* [TASK INSTRUCTIONS] Please look for the string "longleftrightarrow" below and report every line in which it occurs.

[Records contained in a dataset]
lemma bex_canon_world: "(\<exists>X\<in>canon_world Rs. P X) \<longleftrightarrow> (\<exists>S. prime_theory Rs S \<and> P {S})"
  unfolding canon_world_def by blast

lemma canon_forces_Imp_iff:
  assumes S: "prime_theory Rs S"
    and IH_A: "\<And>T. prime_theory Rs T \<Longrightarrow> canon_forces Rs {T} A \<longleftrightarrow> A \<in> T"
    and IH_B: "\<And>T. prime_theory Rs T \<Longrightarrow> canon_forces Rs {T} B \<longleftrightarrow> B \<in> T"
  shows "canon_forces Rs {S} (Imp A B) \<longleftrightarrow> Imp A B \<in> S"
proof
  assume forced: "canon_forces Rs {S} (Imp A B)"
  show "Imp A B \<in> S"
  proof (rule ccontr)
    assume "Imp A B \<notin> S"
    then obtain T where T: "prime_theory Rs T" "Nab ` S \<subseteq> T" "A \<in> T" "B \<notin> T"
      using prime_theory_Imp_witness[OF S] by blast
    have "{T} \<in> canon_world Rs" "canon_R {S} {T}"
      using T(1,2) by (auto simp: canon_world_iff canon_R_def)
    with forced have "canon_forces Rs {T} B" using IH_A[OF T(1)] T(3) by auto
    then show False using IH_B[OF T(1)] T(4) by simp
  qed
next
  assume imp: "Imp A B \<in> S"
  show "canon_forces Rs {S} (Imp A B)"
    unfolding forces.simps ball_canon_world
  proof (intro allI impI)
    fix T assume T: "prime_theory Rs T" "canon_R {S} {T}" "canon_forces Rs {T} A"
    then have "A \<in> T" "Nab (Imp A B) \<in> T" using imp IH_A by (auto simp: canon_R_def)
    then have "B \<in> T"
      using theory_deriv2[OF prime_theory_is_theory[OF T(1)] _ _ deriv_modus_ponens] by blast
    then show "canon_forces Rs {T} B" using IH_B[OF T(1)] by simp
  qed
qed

* [YOUR RESPONSE]
lemma bex_canon_world: "(\<exists>X\<in>canon_world Rs. P X) \<longleftrightarrow> (\<exists>S. prime_theory Rs S \<and> P {S})"
    and IH_A: "\<And>T. prime_theory Rs T \<Longrightarrow> canon_forces Rs {T} A \<longleftrightarrow> A \<in> T"
    and IH_B: "\<And>T. prime_theory Rs T \<Longrightarrow> canon_forces Rs {T} B \<longleftrightarrow> B \<in> T"
  shows "canon_forces Rs {S} (Imp A B) \<longleftrightarrow> Imp A B \<in> S"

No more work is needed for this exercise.